Interestingly, the opposite situation — when the condition at once was able to be formulated succinctly and not to lose proximity to production — often led to the task being complex. For example, this was evident in the Blitz finale of machine learning, in problems related to image recognition. This year's championship is no exception. Participants, among other things, are waiting for the tasks about machine translation - capaciously formulated, difficult to implement and really taken from the combat project (Yandex.Translate).
What we check
The question arises - making the task abstract in comparison with production, do we not simplify it? In a certain way, yes, we simplify - for its solution, experience with the internal infrastructure of Yandex is no longer required, as well as preliminary communication with colleagues. You do not need to be familiar with the code review process, you do not need to make the code beautiful, etc. But we save the most informative part of each task that requires algorithmic thinking. And if you decide it, even if in a somewhat simplified form, it will still mean that you are an excellent programmer. And a great programmer will quickly get acquainted with the internal infrastructure, delve into the code review process and rebuild from the sports mode of writing code to industrial. It's like in basketball: the main thing for the player is the size and good understanding of the game, and you can teach the throw.
We mentioned algorithmic thinking - in the sense that you need to be able to implement the desired algorithm using the means of your chosen language: without additional libraries. Most likely, in real work (both before and after the competition) you will use various additional libraries that simply call the necessary algorithms and greatly reduce the amount of code. The ability to connect them - just from the category of what "can be taught." It is more interesting for us to make sure that when you call a library, you understand what and how it does. Knowing the algorithms from the inside, you will use them more effectively - without the need to implement them yourself.
Analytics competition
Talking about the tasks of the championship in this post, we often recall Yandex. Blitz. But now participants can choose the direction of data analytics, in which we did not carry out a Blitz. This is a new track with its own specifics. If you choose it, then the knowledge of the algorithms will also be a plus, but to a lesser extent than in the tracks on machine learning or backend development.

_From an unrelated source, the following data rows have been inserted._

inductive journey :: "'v tvg \<Rightarrow> nat \<Rightarrow> 'v \<Rightarrow> 'v \<Rightarrow> bool" for g where
  journey_nil:  "journey g t p p"
| journey_cons: "\<lbrakk> {p, x} \<in> tE g; t \<le> t'; rho g {p, x} t';
                   journey g (t' + zeta g {p, x} t') x q \<rbrakk> \<Longrightarrow> journey g t p q"

definition connected_over_time :: "'v tvg \<Rightarrow> bool" where
  "connected_over_time g \<longleftrightarrow> (\<forall>t. \<forall>p\<in>tV g. \<forall>q\<in>tV g. journey g t p q)"

definition COT_F :: "'v sgraph set \<Rightarrow> 'v tvg set" where
  "COT_F F = {g. tvg_wf g \<and> connected_over_time g \<and> underlying_graph g \<in> F}"

definition eventual_missing_edges :: "'v tvg \<Rightarrow> 'v set set" where
  "eventual_missing_edges g = {e \<in> tE g. finite {t. rho g e t}}"

definition eventual_underlying_graph :: "'v tvg \<Rightarrow> 'v sgraph" where
  "eventual_underlying_graph g = (tV g, tE g - eventual_missing_edges g)"

text \<open>A deterministic algorithm: each process p (its identity is known) starts in
  state init p.  At each time unit t it performs one step: it observes the set of
  currently present incident edges (given as the set of present neighbours) and
  the set of messages (sender, message) delivered to it at time t, moves to a new
  state and emits, for each neighbour, a set of messages.  out s is the
  output variable of a process in state s.\<close>
record ('v, 's, 'm) algorithm =
  init :: "'v \<Rightarrow> 's"
  step :: "'v \<Rightarrow> 's \<Rightarrow> 'v set \<Rightarrow> ('v \<times> 'm) set \<Rightarrow> 's \<times> ('v \<Rightarrow> 'm set)"
  out  :: "'s \<Rightarrow> 'v sgraph"

definition nbrs :: "'v tvg \<Rightarrow> 'v \<Rightarrow> nat \<Rightarrow> 'v set" where
  "nbrs g p t = {q. {p, q} \<in> tE g \<and> rho g {p, q} t}"

text \<open>A message sent over edge e at time t0 is delivered at time t0 + zeta e t0
  provided e stays present during the whole interval [t0, t0 + zeta e t0];
  otherwise it is lost.\<close>
definition delivered :: "'v tvg \<Rightarrow> 'v set \<Rightarrow> nat \<Rightarrow> nat \<Rightarrow> bool" where
  "delivered g e t0 t \<longleftrightarrow> t = t0 + zeta g e t0 \<and> (\<forall>t'. t0 \<le> t' \<and> t' \<le> t \<longrightarrow> rho g e t')"

text \<open>A configuration at time t: the local state of every process and the set of
  messages (sender, message) delivered to every process at time t.\<close>
type_synonym ('v, 's, 'm) config = "('v \<Rightarrow> 's) \<times> ('v \<Rightarrow> ('v \<times> 'm) set)"

text \<open>Messages that q sends to p in its step at time t0, in configuration c.\<close>
definition sent :: "('v, 's, 'm) algorithm \<Rightarrow> 'v tvg \<Rightarrow> ('v, 's, 'm) config \<Rightarrow> nat \<Rightarrow> 'v \<Rightarrow> 'v \<Rightarrow> 'm set" where
  "sent A g c t0 q p =
     (if p \<in> nbrs g q t0 then snd (step A q (fst c q) (nbrs g q t0) (snd c q)) p else {})"

fun history :: "('v, 's, 'm) algorithm \<Rightarrow> 'v tvg \<Rightarrow> nat \<Rightarrow> ('v, 's, 'm) config list" where
  "history A g 0 = [(init A, \<lambda>p. {})]"
| "history A g (Suc t) =
     (let h = history A g t in
      h @ [(\<lambda>p. fst (step A p (fst (h ! t) p) (nbrs g p t) (snd (h ! t) p)),
            \<lambda>p. {(q, m). \<exists>t0 \<le> t. delivered g {q, p} t0 (Suc t) \<and> m \<in> sent A g (h ! t0) t0 q p})])"

definition execution :: "('v, 's, 'm) algorithm \<Rightarrow> 'v tvg \<Rightarrow> nat \<Rightarrow> ('v, 's, 'm) config" where
  "execution A g t = history A g t ! t"

definition output_at :: "('v, 's, 'm) algorithm \<Rightarrow> 'v tvg \<Rightarrow> nat \<Rightarrow> 'v \<Rightarrow> 'v sgraph" where
  "output_at A g t p = out A (fst (execution A g t) p)"

definition satisfies_EUG_spec :: "('v, 's, 'm) algorithm \<Rightarrow> 'v tvg set \<Rightarrow> bool" where
  "satisfies_EUG_spec A C \<longleftrightarrow>
     (\<forall>g\<in>C. \<exists>i. \<forall>t\<ge>i. \<forall>p\<in>tV g. output_at A g t p = eventual_underlying_graph g)"

end

theory Submission
  imports Defs "HOL-Library.Infinite_Set"
begin

text \<open>Fix an edge e on a cycle of a graph G in F and let all other edges be present
  forever.  Whatever the presence pattern P of e, the resulting TVG is connected over
  time, since G without e is still connected; its eventual underlying graph is G when
  e appears infinitely often and G - {e} otherwise.  An algorithm's output at time t
  depends only on P restricted to [0, t], so it would decide in the limit whether P
  is infinitely often true.  A diagonal argument defeats this: keep e absent until the
  output settles on G - {e}, then present until it settles on G, and so on forever;
  the limit pattern makes e appear infinitely often, yet the output keeps returning
  to G - {e}.\<close>

subsection \<open>Deciding "infinitely often" in the limit\<close>

definition extend_const :: "(nat \<Rightarrow> bool) \<Rightarrow> nat \<Rightarrow> bool \<Rightarrow> nat \<Rightarrow> bool" where
  "extend_const P T b = (\<lambda>t. if t \<le> T then P t else b)"

text \<open>Stage k: a sequence that agrees with stage k - 1 up to that stage's time and is
  constantly even k afterwards, together with a time past which N claims to have settled
  on it.\<close>
fun diagonal_stage :: "((nat \<Rightarrow> bool) \<Rightarrow> nat) \<Rightarrow> nat \<Rightarrow> (nat \<Rightarrow> bool) \<times> nat" where
  "diagonal_stage N 0 = ((\<lambda>_. True), N (\<lambda>_. True))"
| "diagonal_stage N (Suc k) =
    (let (P, T) = diagonal_stage N k; P' = extend_const P T (even (Suc k))
     in (P', max (Suc T) (N P')))"

abbreviation stage_seq :: "((nat \<Rightarrow> bool) \<Rightarrow> nat) \<Rightarrow> nat \<Rightarrow> nat \<Rightarrow> bool" where
  "stage_seq N k \<equiv> fst (diagonal_stage N k)"

abbreviation stage_time :: "((nat \<Rightarrow> bool) \<Rightarrow> nat) \<Rightarrow> nat \<Rightarrow> nat" where
  "stage_time N k \<equiv> snd (diagonal_stage N k)"

lemma stage_seq_Suc:
  "stage_seq N (Suc k) = extend_const (stage_seq N k) (stage_time N k) (even (Suc k))"
  by (simp add: case_prod_beta Let_def)

lemma stage_time_Suc:
  "stage_time N (Suc k) = max (Suc (stage_time N k)) (N (stage_seq N (Suc k)))"
  by (simp add: case_prod_beta Let_def)

declare diagonal_stage.simps(2) [simp del]

lemma stage_time_ge_N: "N (stage_seq N k) \<le> stage_time N k"
  by (cases k) (simp_all add: stage_time_Suc)

lemma stage_time_less_Suc: "stage_time N k < stage_time N (Suc k)"
  by (simp add: stage_time_Suc)

lemma stage_time_mono: "j \<le> k \<Longrightarrow> stage_time N j \<le> stage_time N k"
  by (rule lift_Suc_mono_le[of "stage_time N"]) (auto intro: less_imp_le stage_time_less_Suc)

lemma stage_time_ge: "k \<le> stage_time N k"
  by (induction k) (auto intro: Suc_leI le_less_trans[OF _ stage_time_less_Suc])

lemma stage_seq_after_time: "stage_time N k < t \<Longrightarrow> stage_seq N (Suc k) t = even (Suc k)"
  by (simp add: stage_seq_Suc extend_const_def)

lemma stage_seq_stable:
  "j \<le> k \<Longrightarrow> t \<le> stage_time N j \<Longrightarrow> stage_seq N k t = stage_seq N j t"
proof (induction k)
  case (Suc k)
  show ?case
  proof (cases "j = Suc k")
    case False
    with Suc.prems have "j \<le> k" by simp
    with Suc.prems stage_time_mono[of j k N] Suc.IH show ?thesis
      by (simp add: stage_seq_Suc extend_const_def)
  qed simp
qed simp

text \<open>The limit sequence reads stage t at time t, which is frozen since t \<le> stage_time N t.\<close>
definition diagonal_limit :: "((nat \<Rightarrow> bool) \<Rightarrow> nat) \<Rightarrow> nat \<Rightarrow> bool" where
  "diagonal_limit N t = stage_seq N t t"

lemma diagonal_limit_eq_stage:
  assumes "t \<le> stage_time N k"
  shows "diagonal_limit N t = stage_seq N k t"
proof (cases "t \<le> k")
  case True
  then show ?thesis
    using stage_seq_stable[OF True, of t N] stage_time_ge[of t N] by (simp add: diagonal_limit_def)
next
  case False
  then show ?thesis
    using stage_seq_stable[of k t t N] assms by (simp add: diagonal_limit_def)
qed

lemma infinite_diagonal_limit: "infinite {t. diagonal_limit N t}"
  unfolding infinite_nat_iff_unbounded_le
proof
  fix m
  let ?k = "Suc (Suc (2 * m))"
  have "stage_seq N ?k (stage_time N ?k)"
    using stage_seq_after_time stage_time_less_Suc by simp
  then have "diagonal_limit N (stage_time N ?k)"
    using diagonal_limit_eq_stage[of "stage_time N ?k" N ?k] by simp
  moreover have "m \<le> stage_time N ?k"
    using stage_time_ge[of ?k N] by simp
  ultimately show "\<exists>n\<ge>m. n \<in> {t. diagonal_limit N t}" by blast
qed

lemma finite_stage_seq_odd: "finite {t. stage_seq N (Suc (2 * k)) t}"
proof (rule finite_subset)
  show "{t. stage_seq N (Suc (2 * k)) t} \<subseteq> {..stage_time N (2 * k)}"
    using stage_seq_after_time[of N "2 * k"] by (auto simp: not_le[symmetric])
qed simp

lemma causal_no_limit_decision_infinitely_often:
  fixes f :: "(nat \<Rightarrow> bool) \<Rightarrow> nat \<Rightarrow> 'a"
  assumes causal: "\<And>P Q t. (\<forall>s\<le>t. P s = Q s) \<Longrightarrow> f P t = f Q t"
    and "a \<noteq> b"
  shows "\<exists>P. \<forall>i. \<exists>t\<ge>i. f P t \<noteq> (if finite {t. P t} then a else b)"
proof (rule ccontr)
  assume "\<nexists>P. \<forall>i. \<exists>t\<ge>i. f P t \<noteq> (if finite {t. P t} then a else b)"
  then have settles: "\<exists>i. \<forall>t\<ge>i. f P t = (if finite {t. P t} then a else b)" for P
    by blast
  define N where "N P = (SOME i. \<forall>t\<ge>i. f P t = (if finite {t. P t} then a else b))" for P
  have N: "\<forall>t\<ge>N P. f P t = (if finite {t. P t} then a else b)" for P
    unfolding N_def by (rule someI_ex[OF settles])
  let ?L = "diagonal_limit N"
  obtain i where i: "\<forall>t\<ge>i. f ?L t = b"
    using settles[of ?L] infinite_diagonal_limit[of N] by auto
  let ?k = "Suc (2 * i)"
  have "f ?L (stage_time N ?k) = f (stage_seq N ?k) (stage_time N ?k)"
    by (rule causal) (simp add: diagonal_limit_eq_stage)
  also have "\<dots> = a"
    using N[of "stage_seq N ?k"] stage_time_ge_N[of N ?k] finite_stage_seq_odd[of N i] by simp
  finally have "f ?L (stage_time N ?k) = a" .
  moreover have "i \<le> stage_time N ?k"
    using stage_time_ge[of ?k N] by simp
  ultimately show False
    using i \<open>a \<noteq> b\<close> by simp
qed

subsection \<open>Executions depend only on the past\<close>

lemma history_cong:
  assumes "tE g = tE g'" "zeta g = zeta g'" "\<forall>s\<le>t. \<forall>e. rho g e s = rho g' e s"
  shows "history A g t = history A g' t"
  using assms(3)
proof (induction t)
  case (Suc t)
  then have IH: "history A g t = history A g' t" by auto
  have nbrs: "nbrs g p s = nbrs g' p s" if "s \<le> t" for p s
    using Suc.prems assms that unfolding nbrs_def by auto
  have delivered: "delivered g e t0 (Suc t) = delivered g' e t0 (Suc t)" for e t0
    using Suc.prems assms unfolding delivered_def by auto
  have sent: "sent A g c t0 q p = sent A g' c t0 q p" if "t0 \<le> t" for c t0 q p
    using nbrs that unfolding sent_def by auto
  let ?h = "history A g t"
  have states: "(\<lambda>p. fst (step A p (fst (?h ! t) p) (nbrs g p t) (snd (?h ! t) p))) =
                (\<lambda>p. fst (step A p (fst (?h ! t) p) (nbrs g' p t) (snd (?h ! t) p)))"
    using nbrs by simp
  have messages:
    "(\<lambda>p. {(q, m). \<exists>t0\<le>t. delivered g {q, p} t0 (Suc t) \<and> m \<in> sent A g (?h ! t0) t0 q p}) =
     (\<lambda>p. {(q, m). \<exists>t0\<le>t. delivered g' {q, p} t0 (Suc t) \<and> m \<in> sent A g' (?h ! t0) t0 q p})"
    unfolding delivered by (intro ext) (auto simp: sent)
  show ?case
    using IH states messages by (simp add: Let_def)
qed simp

The general idea here is the same as in other areas: check the skills that are used by experts in Yandex. Therefore, the question is - what skills can be useful?
The key skills of a good analyst in Yandex are the ability to generate hypotheses, extract a useful signal from fuzzy task conditions, ambiguous or noisy data. Our analysts, as a rule, write in Python and work with large data streams, for example, with Yandex.Metrica logs, user sessions, server technical logs, etc.
For solving analytical problems within the framework of the championship, as well as for further work in Yandex, it is very useful to know the basics of mathematical statistics and probability theory. This is the basic knowledge that helps to make correct, data-based conclusions about the processes.